周囲と和合しつつも「わたし」を忘れないためのアイテムをつくっています(準備中)。

つくっている人が語る、つくることについて

「好きなこと」はわかるようでわかりにくい

最近よく聞くようになったのが「好きなことをしよう」。

でも私はずっと、「好きなこと」がわかるようでわからなかったんです。

「これかな?」と思ってやってみても、なんか違うような……。
楽しい瞬間もあるのだけれど、なんだか満たされないような……。

そして、「好きなことをしよう」系の本によく書いてあるのが
「好きなことがわからない人は、子ども時代に好きだったことを思い出してみよう」

これもまた意外と難しいですよね。
なぜかというと、子ども時代は親の影響が大きいから。

私が子どもの頃は「いい学校に行って、いい会社に入る、(女性なら特に)いい人と結婚する」が一つの”幸せの型”でした。

私の母もそれを信じ込んでおり、いわゆる教育ママ(というか虐待に近いレベル)で。

与えられた遊び(というよりは仕事の感覚)道具といえば、パズルとかドリルとか迷路ブックとか、知育系のものばかりでした。

だから、「子ども時代に好きだったこと、と言われても、わからないんだよなあ、ほとんどパズルしかやってないし」と思っていました。

それでも。
何年もかけて幾度も子ども時代を辿っているうちに、「そういえば……何かをつくることは好きだったかもしれない」とうすぼんやり浮かび上がってきました。

「好きだった」というよりは、「よく覚えている」に近いのですが。

旅行先の焼き物屋さんで、白い貯金箱に絵つけをしたこと。
頭の中で「ここはこんな色にして」と構想があったのに、塗っているうちに絵の具が垂れて混じりまくって、泥みたいな仕上がりになったのがすごく悔しかったこと。


デパートのおもちゃ売り場で夏休みに開催される「クラフトワーク」みたいな体験型のイベント、あれがとても楽しみだったこと。

たしか2000円?とかで10枚くらいのつづりのチケットに交換するのですが、あっという間に消費してしまって物足りなくて。
でも、つくったものを持って帰れるのが嬉しかった。

子どもの頃にデパートのおもちゃ売り場でつくった砂絵。
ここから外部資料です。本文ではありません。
(* Let $k$ be a positive integer and let $G$ be a $2k$-connected $(P_2\cup kP_1)$-free graph. Let $u,v$ be distinct vertices of $G$, let $P$ be a longest $(u,v)$-path in $G$, oriented from $u$ to $v$, and suppose $V(P)\neq V(G)$. Let $x\in V(G)\setminus V(P)$ and write $N_P(x)=\{x_1,\dots,x_t\}$, where $x_1,\dots,x_t$ appear on $P$ in this order from $u$ to $v$. Fix $i\in\{1,\dots,t-1\}$, let $S_i$ be the set of vertices of $P$ strictly between $x_i$ and $x_{i+1}$, and let $X\subseteq N_P(x)^+$ be any set with $x_i^+\in X$ and $|X|=2k-1$. Then for every integer $j$ with $1\le j\le |S_i|$: if $j$ is odd then $N_P(x_i^{+j})\cap X=\emptyset$, and if $j$ is even then $|N_P(x_i^{+j})\cap X|\ge k+1$.
   Context: All graphs are finite and simple. For a graph $H$, a graph $G$ is $H$-free if $G$ contains no induced subgraph isomorphic to $H$; $P_2\cup kP_1$ is the disjoint union of an edge and $k$ isolated vertices. A $(u,v)$-path is a path with endpoints $u$ and $v$. $N_P(y)$ is the set of neighbors of $y$ lying on $P$. For a vertex $w$ of the oriented path $P$, $w^{+}$ (also $w^{+1}$) is its successor and $w^{-}$ (also $w^{-1}$) its predecessor on $P$, and $w^{+\ell}$, $w^{-\ell}$ denote the successor of $w^{+(\ell-1)}$, resp. predecessor of $w^{-(\ell-1)}$. For $S\subseteq V(P)$, $S^+=\{w^+: w\in S\setminus\{v\}\}$. (Under the hypotheses, $|N_P(x)^+|\ge 2k-1$, so such $X$ exists.) *)

theory Defs
  imports Main
begin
いまだに青と緑が好きなので、「趣味って変わらんのだな……」とちょっと愕然としております。


そういえば夏休みの宿題も、工作系のものは全く苦にならなかったです。

家庭科の調理実習は面倒くさいのに、ミシンを使う系のことは楽しいとか。
高校生になると自己流で服を作り始めてもいました。

けれど、その程度の「好き」レベルで、ものづくりを仕事にするなんて現実的に考えられませんでした。

芸術家という仕事は、あってないようなものだった

私の身近な例をとっても、美術科の高校に進学した子は、絶望的に絵が上手かったです。
彼女の作品はかならず入賞して、いろんなところに展示されるのですが、「上手な中学生の作品なかに1人プロのものが混じっている」という感じでした。

「私が一生かけて練習しても、中学生時点の彼女に到達できない」と思い知ったのをよく覚えています。

また、声楽で藝大に行った先輩も、全国大会出場レベルの合唱部の公演で「上手い高校生のなかに1人プロが混じっている」状態でした。
もう、信じがたいほどにダントツなのです。

そういう「誰もが認めざるを得ないほどの才能」の人が美大や音大に行くものでした。
それでもなお芸術の世界って難しいもので、芽が出るかはわからないわけです。

だとしたら、まあ、私なぞが芸術方面に進めるわけがなく。

ものづくりは趣味でやるもの、と割り切っていました。
ひとにプレゼントするのさえも「手作りだと捨てづらいだろうから差し上げていいものか悩む」みたいな。

しかし時は流れ……
インターネット、ネットショップが当たり前になり、minnneやCreemaといったハンドメイド特化型のサービスも出てきて、ものを作って売ることは「特別な人」以外も、できるようになってきました。

「そうはいうても、仕事として成り立つのはごくわずか、やっぱり特別な人よね、少なくとも美大出てるとか、それに準ずるレベルの人だよね。
仕事にならないんだったら、1つや2つくらい、売れても、なあ。
まあやっぱり趣味でいいか」
と、やる前から諦めていました。

自分のための服や小物を作って、それなりに満足していました。